There are very many lessons to learn from the tech giant’s woes last week.

One is the danger of monopolies. The global tech giant has established itself as a monopoly of sorts in the social networking sector.

While previous case law in the US found that Facebook is not a monopoly, an article by a social networking founder documented reasons he thought that tech firm is not a monopoly.

One interesting reason is that it is alleged that Facebook conducts uncompetitive behaviour against its competitors, including allegedly blocking rivals’ content from trending on its site.

The outage on Monday demonstrated the dangers of having one company dominating a particular sector. It leaves consumers dependent on the company.

It was reported that Facebook competitors — Telegram and Twitter — gained more users.

Businesses depend on social media sites for networking and marketing. Others are wholly dependent on the sites for various business usages.

Therefore, an outage can destroy such businesses completely.
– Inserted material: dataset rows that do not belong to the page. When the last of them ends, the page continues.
theorem proposition2p2:
  fixes \<alpha> :: "real^'n::finite"
    and \<phi> u :: "real \<Rightarrow> real"
    and I :: "real set"
    and m lam :: real
  assumes n3: "CARD('n) \<ge> 3"
    and alpha: "(\<Sum>i\<in>UNIV. (\<alpha> $ i)^2) = 1"
    and I: "open I" "is_interval I"
    and smooth: "smooth_on_real I \<phi>" "smooth_on_real I u"
    and pos: "\<forall>t\<in>I. \<phi> t \<noteq> 0 \<and> u t > 0"
    and m: "m \<noteq> 0"
    and lam: "lam \<le> 0"
    and nontriv: "\<not> (\<exists>c. \<forall>x\<in>{x. (\<Sum>i\<in>UNIV. \<alpha> $ i * x $ i) \<in> I}.
                        - m * ln (u (\<Sum>i\<in>UNIV. \<alpha> $ i * x $ i)) = c)"
  shows "quasi_einstein_on {x. (\<Sum>i\<in>UNIV. \<alpha> $ i * x $ i) \<in> I}
            (\<lambda>x. (1 / (\<phi> (\<Sum>i\<in>UNIV. \<alpha> $ i * x $ i))^2) *\<^sub>R mat 1)
            (\<lambda>x. - m * ln (u (\<Sum>i\<in>UNIV. \<alpha> $ i * x $ i))) m lam
     \<longleftrightarrow> (\<forall>t\<in>I.
          (real CARD('n) - 2) * deriv (deriv \<phi>) t / \<phi> t
            - (m / u t) * (deriv (deriv u) t + 2 * (deriv \<phi> t / \<phi> t) * deriv u t) = 0
        \<and> deriv (deriv \<phi>) t / \<phi> t - (real CARD('n) - 1) * (deriv \<phi> t)^2 / (\<phi> t)^2
            + m * (deriv \<phi> t / \<phi> t) * (deriv u t / u t) = lam / (\<phi> t)^2)"
proof -
  have \<xi>: "(\<Sum>i\<in>UNIV. \<alpha> $ i * x $ i) = \<alpha> \<bullet> x" for x
    by (simp add: inner_vec_def)
  have unit: "\<alpha> \<bullet> \<alpha> = 1"
    using alpha by (simp add: inner_vec_def power2_eq_square)
  interpret ridge_conformal_metric \<alpha> I \<phi> "deriv \<phi>" "deriv (deriv \<phi>)"
    using unit I(1) pos smooth_on_real_has_derivatives[OF smooth(1)] by unfold_locales auto
  define h' where "h' t = - m * deriv u t / u t" for t
  define h'' where "h'' t = - m * (deriv (deriv u) t * u t - (deriv u t)\<^sup>2) / (u t)\<^sup>2" for t
  have h: "((\<lambda>t. - m * ln (u t)) has_real_derivative h' t) (at t)"
    and h': "(h' has_real_derivative h'' t) (at t)" if "t \<in> I" for t
    using that pos smooth_on_real_has_derivatives[OF smooth(2) that] unfolding h'_def h''_def
    by (auto intro!: derivative_eq_intros simp: power2_eq_square field_simps)
  have A: "(real CARD('n) - 2) * ((\<rho> t)\<^sup>2 - \<rho>' t) + h'' t - 2 * \<rho> t * h' t - (h' t)\<^sup>2 / m
      = (real CARD('n) - 2) * deriv (deriv \<phi>) t / \<phi> t
        - (m / u t) * (deriv (deriv u) t + 2 * (deriv \<phi> t / \<phi> t) * deriv u t)"
    and B: "- \<rho>' t - (real CARD('n) - 2) * (\<rho> t)\<^sup>2 + \<rho> t * h' t
      = deriv (deriv \<phi>) t / \<phi> t - (real CARD('n) - 1) * (deriv \<phi> t)\<^sup>2 / (\<phi> t)\<^sup>2
        + m * (deriv \<phi> t / \<phi> t) * (deriv u t / u t)" if "t \<in> I" for t
    using that pos m unfolding \<rho>_def \<rho>'_def h'_def h''_def
    by (auto simp: field_simps power2_eq_square)
  have "quasi_einstein_on \<Omega> g (\<lambda>x. - m * ln (u (\<alpha> \<bullet> x))) m lam \<longleftrightarrow> m \<noteq> 0 \<and> (\<forall>t\<in>I.
      (real CARD('n) - 2) * ((\<rho> t)\<^sup>2 - \<rho>' t) + h'' t - 2 * \<rho> t * h' t - (h' t)\<^sup>2 / m = 0 \<and>
      - \<rho>' t - (real CARD('n) - 2) * (\<rho> t)\<^sup>2 + \<rho> t * h' t - lam / (\<phi> t)\<^sup>2 = 0)"
    using n3 by (intro quasi_einstein_on_g_iff h h') auto
  then show ?thesis
    unfolding \<xi> \<Omega>_def g_def using m by (simp add: A B)
qed

end
(* Let $\mathcal{A}$ be a state tomography algorithm that, given $n$ copies of $\rho\in\mathbb{C}^{d\times d}$ and a parameter $\varepsilon$, outputs an estimate $\widehat{\rho}$ (a quantum state) achieving infidelity $1 - F(\rho,\widehat\rho) \le \varepsilon \le 1/2$. Then letting $\rho' = \Delta_{2\varepsilon}(\widehat{\rho})$, we have $D_{KL}(\rho\|\rho') \le 16\varepsilon\,(2 + \ln(d/(2\varepsilon)))$.
   Context: The fidelity is $F(\rho,\sigma) = \|\sqrt\rho\sqrt\sigma\|_1$ (trace norm), and infidelity is $1-F(\rho,\sigma)$. For $0\le\epsilon\le 1$, the depolarizing channel is $\Delta_\epsilon(\rho) = (1-\epsilon)\rho + \epsilon I/d$. $D_{KL}(\rho\|\sigma) = \mathrm{tr}(\rho(\ln\rho-\ln\sigma))$. *)

theory Defs
  imports "Jordan_Normal_Form.Schur_Decomposition"
begin

definition mat_trace :: "complex mat \<Rightarrow> complex" where
  "mat_trace A = (\<Sum>i<dim_row A. A $$ (i, i))"

definition unitary_mat :: "nat \<Rightarrow> complex mat \<Rightarrow> bool" where
  "unitary_mat n U \<longleftrightarrow> U \<in> carrier_mat n n \<and>
     U * mat_adjoint U = 1\<^sub>m n \<and> mat_adjoint U * U = 1\<^sub>m n"

definition diag_real :: "nat \<Rightarrow> (nat \<Rightarrow> real) \<Rightarrow> complex mat" where
  "diag_real n lam = mat n n (\<lambda>(i,j). if i = j then complex_of_real (lam i) else 0)"

definition hermitian_mat :: "complex mat \<Rightarrow> bool" where
  "hermitian_mat A \<longleftrightarrow> A \<in> carrier_mat (dim_row A) (dim_row A) \<and> mat_adjoint A = A"

definition spectral_decomp :: "complex mat \<Rightarrow> complex mat \<Rightarrow> (nat \<Rightarrow> real) \<Rightarrow> bool" where
  "spectral_decomp A U lam \<longleftrightarrow> A \<in> carrier_mat (dim_row A) (dim_row A) \<and>
     unitary_mat (dim_row A) U \<and> A = U * diag_real (dim_row A) lam * mat_adjoint U"

definition mat_fun :: "(real \<Rightarrow> real) \<Rightarrow> complex mat \<Rightarrow> complex mat" where
  "mat_fun f A = (case (SOME (U, lam). spectral_decomp A U lam) of
     (U, lam) \<Rightarrow> U * diag_real (dim_row A) (f \<circ> lam) * mat_adjoint U)"

abbreviation mat_sqrt :: "complex mat \<Rightarrow> complex mat" where
  "mat_sqrt A \<equiv> mat_fun sqrt A"

(* matrix logarithm (applied to eigenvalues; on a zero eigenvalue the value is irrelevant
   in tr(rho ln rho) since it is multiplied by 0, realising the convention 0 ln 0 = 0) *)
abbreviation mat_ln :: "complex mat \<Rightarrow> complex mat" where
  "mat_ln A \<equiv> mat_fun ln A"
lemma block_at_interior_min:
  assumes Y: "Y \<subseteq> {1..2*N}" and j0: "j0 \<in> {2..2*N}"
    and min: "\<And>j. j \<in> {1..Suc (2*N)} \<Longrightarrow> odd_excess Y j0 \<le> odd_excess Y j"
  shows "\<exists>k\<in>{1..<2*N}. k \<notin> Y \<and> Suc k \<notin> Y \<and> excess_extremal_at N Y k \<or>
                       k \<in> Y \<and> Suc k \<in> Y \<and> excess_extremal_at N ({1..2*N} - Y) k"
proof -
  define f where "f = odd_excess Y"
  define m where "m = f j0"
  have step: "f (Suc i) = f i + (if i \<in> Y then parity_sign i else 0)" for i
    unfolding f_def by (rule odd_excess_Suc)
  have ge: "m \<le> f j" if "j \<in> {1..Suc (2*N)}" for j
    using min[OF that] by (simp add: f_def m_def)
  \<comment> \<open>The path can only go up at odd and only down at even indices, so both steps next to an
    even minimiser are flat, and if there is none, both steps next to \<open>j0\<close> are taken.\<close>
  show ?thesis
  proof (cases "\<exists>j\<in>{2..2*N}. even j \<and> f j = m")
    case True
    then obtain j where j: "j \<in> {2..2*N}" "even j" "f j = m" by blast
    define k where "k = j - 1"
    have k: "odd k" "Suc k = j" "k \<in> {1..<2*N}"
      using j by (auto simp: k_def)
    have "k \<notin> Y"
      using step[of k] ge[of k] j k by (auto simp: parity_sign_def)
    moreover have "Suc k \<notin> Y"
      using step[of j] ge[of "Suc j"] j k by (auto simp: parity_sign_def)
    moreover have "excess_extremal_at N Y k"
      using step[of k] \<open>k \<notin> Y\<close> ge j k by (simp add: excess_extremal_at_def f_def)
    ultimately show ?thesis using k by blast
  next
    case False
    have "odd j0" "f j0 = m"
      using False j0 by (auto simp: m_def)
    define k where "k = j0 - 1"
    have k: "even k" "Suc k = j0" "k \<in> {1..<2*N}" "k \<in> {2..2*N}"
      using j0 \<open>odd j0\<close> by (auto simp: k_def elim: oddE)
    have "f k \<noteq> m" using False k by blast
    then have "k \<in> Y" and fk: "f k = m + 1"
      using step[of k] ge[of k] k \<open>f j0 = m\<close> by (auto simp: parity_sign_def split: if_splits)
    have "Suc j0 \<in> {2..2*N}" "even (Suc j0)"
      using j0 \<open>odd j0\<close> by (simp_all, presburger)
    then have "f (Suc j0) \<noteq> m" using False by blast
    then have "Suc k \<in> Y"
      using step[of j0] k \<open>odd j0\<close> \<open>f j0 = m\<close> by (auto simp: parity_sign_def split: if_splits)
    moreover have "excess_extremal_at N ({1..2*N} - Y) k"
    proof -
      have "odd_excess ({1..2*N} - Y) j \<le> - m" if "j \<in> {1..Suc (2*N)}" for j
        using ge[OF that] False that odd_excess_complement[OF Y, of j] by (force simp: f_def)
      then show ?thesis
        using k fk odd_excess_complement[OF Y, of k] by (simp add: excess_extremal_at_def f_def)
    qed
    ultimately show ?thesis using k \<open>k \<in> Y\<close> by blast
  qed
qed

lemma block_exists:
  assumes Y: "Y \<subseteq> {1..2*N}" "Y \<noteq> {}" and balanced: "odd_excess Y (Suc (2*N)) = 0"
  shows "\<exists>k\<in>{1..<2*N}. k \<notin> Y \<and> Suc k \<notin> Y \<and> excess_extremal_at N Y k \<or>
                       k \<in> Y \<and> Suc k \<in> Y \<and> excess_extremal_at N ({1..2*N} - Y) k"
proof -
  let ?J = "{1..Suc (2*N)}"
  have minimizer: "\<exists>j\<in>?J. \<forall>j'\<in>?J. g j \<le> g j'" for g :: "nat \<Rightarrow> int"
    using arg_min_if_finite[of ?J g] by (auto simp: not_less)
  show ?thesis
  proof (cases "\<exists>j0\<in>{2..2*N}. \<forall>j\<in>?J. odd_excess Y j0 \<le> odd_excess Y j")
    case True
    then show ?thesis using block_at_interior_min[OF Y(1)] by blast
  next
    case False
    \<comment> \<open>Then the minimum \<open>0\<close> is attained only at the ends, and the path of the complement
      has an interior minimum.\<close>
    define Z where "Z = {1..2*N} - Y"
    have Z: "Z \<subseteq> {1..2*N}" "{1..2*N} - Z = Y" using Y(1) by (auto simp: Z_def)
    have Y1: "odd_excess Y 1 = 0"
      using Y(1) odd_excess_Suc[of Y 0] by auto
    have boundary: "odd_excess Z 1 = 0" "odd_excess Z (Suc (2*N)) = 0"
      using Y1 balanced odd_excess_complement[OF Y(1), of 1] odd_excess_complement[OF Y(1), of "Suc (2*N)"]
      by (simp_all add: Z_def)
    obtain j1 where j1: "j1 \<in> ?J" "\<forall>j\<in>?J. odd_excess Y j1 \<le> odd_excess Y j"
      using minimizer by blast
    have "j1 = 1 \<or> j1 = Suc (2*N)" using False j1 by force
    then have nonneg: "0 \<le> odd_excess Y j" if "j \<in> ?J" for j
      using j1 that Y1 balanced by force
    have "1 \<le> N" using Y by (auto simp: subset_iff)
    then have "odd_excess Y 2 \<noteq> 0" using False nonneg by force
    then have "odd_excess Z 2 \<le> 0"
      using nonneg[of 2] \<open>1 \<le> N\<close> odd_excess_complement[OF Y(1), of 2] by (simp add: Z_def)
    obtain j2 where j2: "j2 \<in> ?J" "\<forall>j\<in>?J. odd_excess Z j2 \<le> odd_excess Z j"
      using minimizer by blast
    have "\<exists>j0\<in>{2..2*N}. \<forall>j\<in>?J. odd_excess Z j0 \<le> odd_excess Z j"
    proof (cases "j2 \<in> {2..2*N}")
      case True
      then show ?thesis using j2 by blast
    next
      case False
      then have "j2 = 1 \<or> j2 = Suc (2*N)" using j2(1) by auto
      then have "odd_excess Z j2 = 0" using boundary by auto
      then show ?thesis using j2 \<open>odd_excess Z 2 \<le> 0\<close> \<open>1 \<le> N\<close> by force
    qed
    then obtain k where "k \<in> {1..<2*N}"
      "k \<notin> Z \<and> Suc k \<notin> Z \<and> excess_extremal_at N Z k \<or> k \<in> Z \<and> Suc k \<in> Z \<and> excess_extremal_at N Y k"
      using block_at_interior_min[OF Z(1)] unfolding Z(2) by blast
    then show ?thesis by (auto simp: Z_def)
  qed
qed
It is highly risky to depend wholly on social media to conduct your business as the outage has demonstrated.

It is, therefore, good to minimise risk by diversifying into several other sites and also using independent platforms.

An online shop, for example, should not only operate on social media but also have a website.

Does a social media outage comprise an event of force majeure if performance of any material terms depended on social media?

Coincidentally, I had this discussion with some of my colleagues, who thought I was being overanalytical when I suggested that it would comprise an event of force majeure. I was vindicated on Monday when the outage proved so.

If your business depends primarily on social media to perform, an outage that affects performance would be an event of force majeure.

For example, if your business takes orders via WhatsApp and fails to deliver due to an outage then this cannot be blamed on you.

Force majeure would protect you as the outage was an unforeseen and uncontrollable event beyond your control. Social media outages may form part of force majeure in contract drafting.

Meanwhile, the whistleblower has a lesson to teach us.

The first is the importance of engaging in ethical business practices. The law allows whistleblowing and contractual laws cannot protect the employer against whistleblowing.

Nevertheless, if the allegations by the employee are false and malicious then the organisation can take action against the malicious whistleblowers.